Thursday, May 25, 2006

Voyager 2 Detects Odd Shape of Solar System's Edge

Voyager 2 could pass beyond the outermost layer of our solar system, called the "termination shock," sometime within the next year, NASA scientists announced at a media teleconference.

The milestone, which comes about a year after Voyager 1's crossing, comes earlier than expected and suggests to scientists that the edge of the shock is about one billion miles closer to the Sun in the southern region of the solar system than in the north.

This implies that the heliosphere, a spherical bubble of charged low-energy particles created by our Sun's solar wind, is irregularly shaped, bulging in the northern hemisphere and pressed inward in the south.

Scientists determined that Voyager 1 was approaching the termination shock when it began detecting charged particles that were being pushed back toward the Sun by charged particles coming from outside our solar system.

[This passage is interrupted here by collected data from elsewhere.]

(* Let $p=4f+1$ be a prime, and write $p=x^2+4y^2$ with integers $x,y$ and $x\equiv1\pmod 4$. Then $g_4(p)=4$ if $p=5$; $g_4(p)=3$ if $p\in\{13,17,29\}$; and $g_4(p)=2$ otherwise.
   Context: For $a\in\mathbb{F}_p^*$, $s_d(p,a)=\min\{k\mid a=\sum_{i=1}^k a_i^d,\ a_i\in\mathbb{F}_p^*\}$, and $g_d(p)=\max_{a\in\mathbb{F}_p^*}s_d(p,a)$ (the smallest $k$ such that every element of $\mathbb{F}_p^*$ is a sum of $k$ nonzero $d$-th powers). *)

theory Defs
  imports "HOL-Number_Theory.Number_Theory"
begin

text \<open>Elements of F_p are represented by integers modulo p.
  a is a sum of k nonzero d-th powers in F_p.\<close>
definition sum_nz_powers :: "nat \<Rightarrow> nat \<Rightarrow> nat \<Rightarrow> int \<Rightarrow> bool" where
  "sum_nz_powers d p k a \<longleftrightarrow>
     (\<exists>as :: nat \<Rightarrow> int. (\<forall>i<k. \<not> int p dvd as i) \<and>
        [(\<Sum>i<k. as i ^ d) = a] (mod int p))"

definition s_pow :: "nat \<Rightarrow> nat \<Rightarrow> int \<Rightarrow> nat" where
  "s_pow d p a = (LEAST k. sum_nz_powers d p k a)"

definition g_pow :: "nat \<Rightarrow> nat \<Rightarrow> nat" where
  "g_pow d p = Max ((\<lambda>a. s_pow d p a) ` {1..int p - 1})"

end

theory Submission
  imports Defs
begin

text \<open>
  For \<open>p \<equiv> 1 (mod 4)\<close> fix \<open>i\<close> with \<open>i\<^sup>2 = -1\<close>. If some \<open>w \<noteq> 0\<close> makes both
  \<open>2w(w\<^sup>2 + a)\<close> and \<open>2iw(w\<^sup>2 - a)\<close> nonzero squares, then \<open>a\<close> is a sum of two nonzero
  fourth powers. Counting such \<open>w\<close> with the quadratic character \<open>\<eta>\<close> expresses their number
  through \<open>p\<close> and three Jacobsthal sums \<open>\<phi>(b) = \<Sum>\<^sub>x \<eta>(x) \<eta>(x\<^sup>2 + b)\<close>, and
  \<open>\<phi>(b)\<^sup>2 \<le> 4p\<close> follows from \<open>\<Sum>\<^sub>b \<phi>(b)\<^sup>2 = 2p(p - 1)\<close>. So for \<open>p \<ge> 61\<close> there is always
  such a \<open>w\<close>, while a quadratic non-residue is never a single fourth power; hence
  \<open>g\<^sub>4(p) = 2\<close>. The primes below 61 are settled by explicit tables.
\<close>

section \<open>Sums of nonzero powers\<close>

lemma sum_nz_powers_of_list:
  fixes xs :: "int list"
  assumes "\<forall>x\<in>set xs. \<not> int p dvd x" "[(\<Sum>x\<leftarrow>xs. x ^ d) = a] (mod int p)"
  shows "sum_nz_powers d p (length xs) a"
  unfolding sum_nz_powers_def
proof (intro exI[of _ "\<lambda>i. xs ! i"] conjI)
  show "\<forall>i<length xs. \<not> int p dvd xs ! i"
    using assms(1) by auto
  have "(\<Sum>i<length xs. xs ! i ^ d) = (\<Sum>x\<leftarrow>xs. x ^ d)"
    by (simp add: sum_list_sum_nth atLeast0LessThan)
  then show "[(\<Sum>i<length xs. xs ! i ^ d) = a] (mod int p)"
    using assms(2) by simp
qed

lemma not_sum_nz_powers_0: "\<not> int p dvd a \<Longrightarrow> \<not> sum_nz_powers d p 0 a"
  unfolding sum_nz_powers_def by (auto simp: cong_iff_dvd_diff)

lemma g_pow_eqI:
  assumes upper: "\<forall>a\<in>{1..int p - 1}. \<exists>k\<le>K. sum_nz_powers d p k a"
    and b: "b \<in> {1..int p - 1}" and lower: "\<forall>j<K. \<not> sum_nz_powers d p j b"
  shows "g_pow d p = K"
  unfolding g_pow_def
proof (rule Max_eqI)
  have s_pow_le: "s_pow d p a \<le> K" if "a \<in> {1..int p - 1}" for a
    using upper that unfolding s_pow_def by (meson Least_le order_trans)
  then show "y \<le> K" if "y \<in> s_pow d p ` {1..int p - 1}" for y
    using that by blast
  obtain k where "sum_nz_powers d p k b"
    using upper b by blast
  then have "sum_nz_powers d p (s_pow d p b) b"
    unfolding s_pow_def by (rule LeastI)
  then have "s_pow d p b = K"
    using s_pow_le[OF b] lower by (meson not_less antisym)
  then show "K \<in> s_pow d p ` {1..int p - 1}"
    using b by force
qed simp

lemma sum_nz_powers_from_table:
  fixes W :: "int list list"
  assumes table: "map (\<lambda>xs. (\<Sum>x\<leftarrow>xs. x ^ d) mod int p) W = map int [1..<p]"
    and entries: "\<forall>xs\<in>set W. length xs \<le> K \<and> (\<forall>x\<in>set xs. 0 < x \<and> x < int p)"
  shows "\<forall>a\<in>{1..int p - 1}. \<exists>k\<le>K. sum_nz_powers d p k a"
proof
  fix a assume a: "a \<in> {1..int p - 1}"
  define j where "j = nat a - 1"
  have len: "length W = p - 1"
    using arg_cong[OF table, of length] by simp
  have j: "j < length W"
    using a len unfolding j_def by auto
  have "(\<Sum>x\<leftarrow>W ! j. x ^ d) mod int p = int (1 + j)"
    using arg_cong[OF table, of "\<lambda>xs. xs ! j"] j len by simp
  also have "int (1 + j) = a"
    using a unfolding j_def by auto
  finally have "[(\<Sum>x\<leftarrow>W ! j. x ^ d) = a] (mod int p)"
    using a by (simp add: cong_def)
  moreover have "W ! j \<in> set W"
    using j by simp
  then have "\<forall>x\<in>set (W ! j). \<not> int p dvd x"
    using entries zdvd_imp_le by fastforce
  ultimately have "sum_nz_powers d p (length (W ! j)) a"
    by (rule sum_nz_powers_of_list[rotated])
  moreover have "length (W ! j) \<le> K"
    using entries \<open>W ! j \<in> set W\<close> by auto
  ultimately show "\<exists>k\<le>K. sum_nz_powers d p k a"
    by blast
qed

lemma power_mod_in_table:
  assumes "p > 0" and table: "\<forall>r\<in>set [1..<p]. (int r) ^ d mod int p \<in> Q"
    and x: "\<not> int p dvd x"
  shows "x ^ d mod int p \<in> Q"
proof -
  define r where "r = nat (x mod int p)"
  have r: "int r = x mod int p"
    unfolding r_def using \<open>p > 0\<close> by simp
  moreover have "x mod int p \<noteq> 0"
    using x by (simp add: dvd_eq_mod_eq_0)
  moreover have "x mod int p < int p"
    using \<open>p > 0\<close> by simp
  ultimately have "r \<in> set [1..<p]"
    by auto
  then have "(int r) ^ d mod int p \<in> Q"
    using table by blast
  then show ?thesis
    unfolding r by (simp add: power_mod)
qed

lemma not_sum_nz_powers_below_3:
  assumes powers: "\<And>x. \<not> int p dvd x \<Longrightarrow> x ^ d mod int p \<in> Q"
    and a: "\<not> int p dvd a" "a mod int p \<notin> Q"
      "\<forall>q1\<in>Q. \<forall>q2\<in>Q. (q1 + q2) mod int p \<noteq> a mod int p"
  shows "\<forall>j<3. \<not> sum_nz_powers d p j a"
proof -
  have "\<not> sum_nz_powers d p 1 a"
  proof
    assume "sum_nz_powers d p 1 a"
    then obtain x where "\<not> int p dvd x" "[x ^ d = a] (mod int p)"
      unfolding sum_nz_powers_def by auto
    then show False
      using powers a(2) by (metis cong_def)
  qed
  moreover have "\<not> sum_nz_powers d p 2 a"
  proof
    assume "sum_nz_powers d p 2 a"
    then obtain x y where "\<not> int p dvd x" "\<not> int p dvd y" "[x ^ d + y ^ d = a] (mod int p)"
      unfolding sum_nz_powers_def by (auto simp: numeral_2_eq_2)
    moreover from this(3) have "(x ^ d mod int p + y ^ d mod int p) mod int p = a mod int p"
      by (simp add: cong_def mod_add_eq)
    ultimately show False
      using powers a(3) by blast
  qed
  ultimately show ?thesis
    using not_sum_nz_powers_0[OF a(1)] by (auto simp: less_Suc_eq numeral_3_eq_3 numeral_2_eq_2)
qed

section \<open>The quadratic character modulo an odd prime\<close>

locale odd_prime =
  fixes p :: nat
  assumes prime_p: "prime p" and p_gt_2: "p > 2"
begin

abbreviation \<eta> :: "int \<Rightarrow> int" where
  "\<eta> x \<equiv> Legendre x (int p)"

lemma prime_int_p: "prime (int p)"
  using prime_p by simp

lemma coprime_if_not_dvd: "\<not> int p dvd x \<Longrightarrow> coprime x (int p)"
  using prime_imp_coprime[OF prime_int_p] by (simp add: coprime_commute)

lemma not_dvd_if_in_range: "x \<in> {1..<int p} \<Longrightarrow> \<not> int p dvd x"
  using zdvd_imp_le by fastforce

lemma not_dvd_mult: "\<not> int p dvd x \<Longrightarrow> \<not> int p dvd y \<Longrightarrow> \<not> int p dvd (x * y)"
  using prime_dvd_mult_iff[OF prime_int_p] by blast

lemma odd_p: "odd (int p)"
  using prime_odd_nat[OF prime_p p_gt_2] by simp

lemma not_dvd_2: "\<not> int p dvd 2"
  using zdvd_imp_le[of "int p" 2] p_gt_2 by auto

lemma dvd_power2_iff: "int p dvd x\<^sup>2 \<longleftrightarrow> int p dvd x"
  using prime_dvd_power_iff[OF prime_int_p] by simp

lemma sum_residues_split_0:
  "(\<Sum>x\<in>{0..<int p}. g x) = g 0 + (\<Sum>x\<in>{1..<int p}. g x)"
proof -
  have "{0..<int p} = insert 0 {1..<int p}"
    using p_gt_2 by auto
  then show ?thesis by simp
qed

lemma cong_imp_eq_if_signs:
  assumes "a \<in> {-1,0,1}" "b \<in> {-1,0,1}" "[a = b] (mod int p)"
  shows "a = b"
proof (rule ccontr)
  assume "a \<noteq> b"
  with assms(1,2) have "a - b \<in> {-2,-1,1,2}" by auto
  moreover have "int p dvd a - b"
    using assms(3) by (simp add: cong_iff_dvd_diff)
  ultimately have "int p dvd 2 \<or> int p dvd 1" by auto
  then show False using not_dvd_2 p_gt_2 by auto
qed

lemma legendre_cong:
  assumes "[x = y] (mod int p)"
  shows "\<eta> x = \<eta> y"
proof -
  have "[x = 0] (mod int p) \<longleftrightarrow> [y = 0] (mod int p)"
    using assms by (meson cong_trans cong_sym)
  moreover have "QuadRes (int p) x \<longleftrightarrow> QuadRes (int p) y"
    unfolding QuadRes_def using assms by (meson cong_trans cong_sym)
  ultimately show ?thesis
    unfolding Legendre_def by simp
qed

lemma legendre_mod: "\<eta> (x mod int p) = \<eta> x"
  by (rule legendre_cong) (simp add: cong_def)

lemma legendre_range: "\<eta> x \<in> {-1,0,1}"
  unfolding Legendre_def by auto

lemma abs_legendre_le_1: "\<bar>\<eta> x\<bar> \<le> 1"
  using legendre_range[of x] by auto

lemma legendre_eq_0_iff: "\<eta> x = 0 \<longleftrightarrow> int p dvd x"
  unfolding Legendre_def by (auto simp: cong_0_iff)

lemma legendre_0 [simp]: "\<eta> 0 = 0"
  by (simp add: legendre_eq_0_iff)

lemma legendre_eq_1_iff: "\<eta> x = 1 \<longleftrightarrow> \<not> int p dvd x \<and> QuadRes (int p) x"
  unfolding Legendre_def by (auto simp: cong_0_iff)

lemma legendre_eq_minus_1_iff: "\<eta> x = -1 \<longleftrightarrow> \<not> int p dvd x \<and> \<not> QuadRes (int p) x"
  unfolding Legendre_def by (auto simp: cong_0_iff)

lemma legendre_unit: "\<not> int p dvd x \<Longrightarrow> \<eta> x = 1 \<or> \<eta> x = -1"
  using legendre_range[of x] legendre_eq_0_iff[of x] by auto

lemma legendre_mult: "\<eta> (x * y) = \<eta> x * \<eta> y"
proof -
  let ?e = "(p - 1) div 2"
  have "[\<eta> (x * y) = (x * y) ^ ?e] (mod int p)"
    using euler_criterion[OF prime_p p_gt_2] by blast
  also have "(x * y) ^ ?e = x ^ ?e * y ^ ?e"
    by (simp add: power_mult_distrib)
  also have "[\<dots> = \<eta> x * \<eta> y] (mod int p)"
    using euler_criterion[OF prime_p p_gt_2] by (intro cong_mult) (blast intro: cong_sym)+
  finally have "[\<eta> (x * y) = \<eta> x * \<eta> y] (mod int p)" .
  moreover have "\<eta> x * \<eta> y \<in> {-1,0,1}"
    using legendre_range[of x] legendre_range[of y] by auto
  ultimately show ?thesis
    using cong_imp_eq_if_signs legendre_range by blast
qed

lemma legendre_power2: "\<not> int p dvd x \<Longrightarrow> \<eta> (x\<^sup>2) = 1"
  unfolding legendre_eq_1_iff QuadRes_def dvd_power2_iff by (blast intro: cong_refl)

lemma legendre_mult_self: "\<not> int p dvd x \<Longrightarrow> \<eta> x * \<eta> x = 1"
  by (drule legendre_unit) auto

lemma legendre_1: "\<eta> 1 = 1"
  using legendre_power2[of 1] p_gt_2 by simp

This occurred when Voyager 1 was about 85 AU from the Sun.

One AU is the distance between the Earth and the Sun, or 93 million miles.

In contrast, Voyager 2 began detecting returning particles while only 76 AU from the Sun.

"This tells us that the shock down where Voyager 2 is must be closer the sun than where Voyager 1 is," said Ed Stone, Voyager project scientist at the California Institute of Technology in Pasadena.

The researchers think that the heliosphere's asymmetry might be due to a weak interstellar magnetic field pressing inward on the southern hemisphere.

"The [magnetic] field is only 1/100,000 of the field on the Earth's surface, but it's over such a large area and pushing on such a faint gas that it can actually push the shock about a billion miles in," Stone explained.

Both Voyager spacecrafts were launched from Cape Canaveral Air Force Station in Florida: Voyager 2 headed out on Aug. 20, 1977, Voyager 1 on Sept. 5, 1977.

Currently, Voyager 1 is about 9.1 billion miles from the Sun and traveling at a speed of 3.6 A U per year while Voyager 2 is about 7.3 billion miles away and moving at about 3.3 AU per year.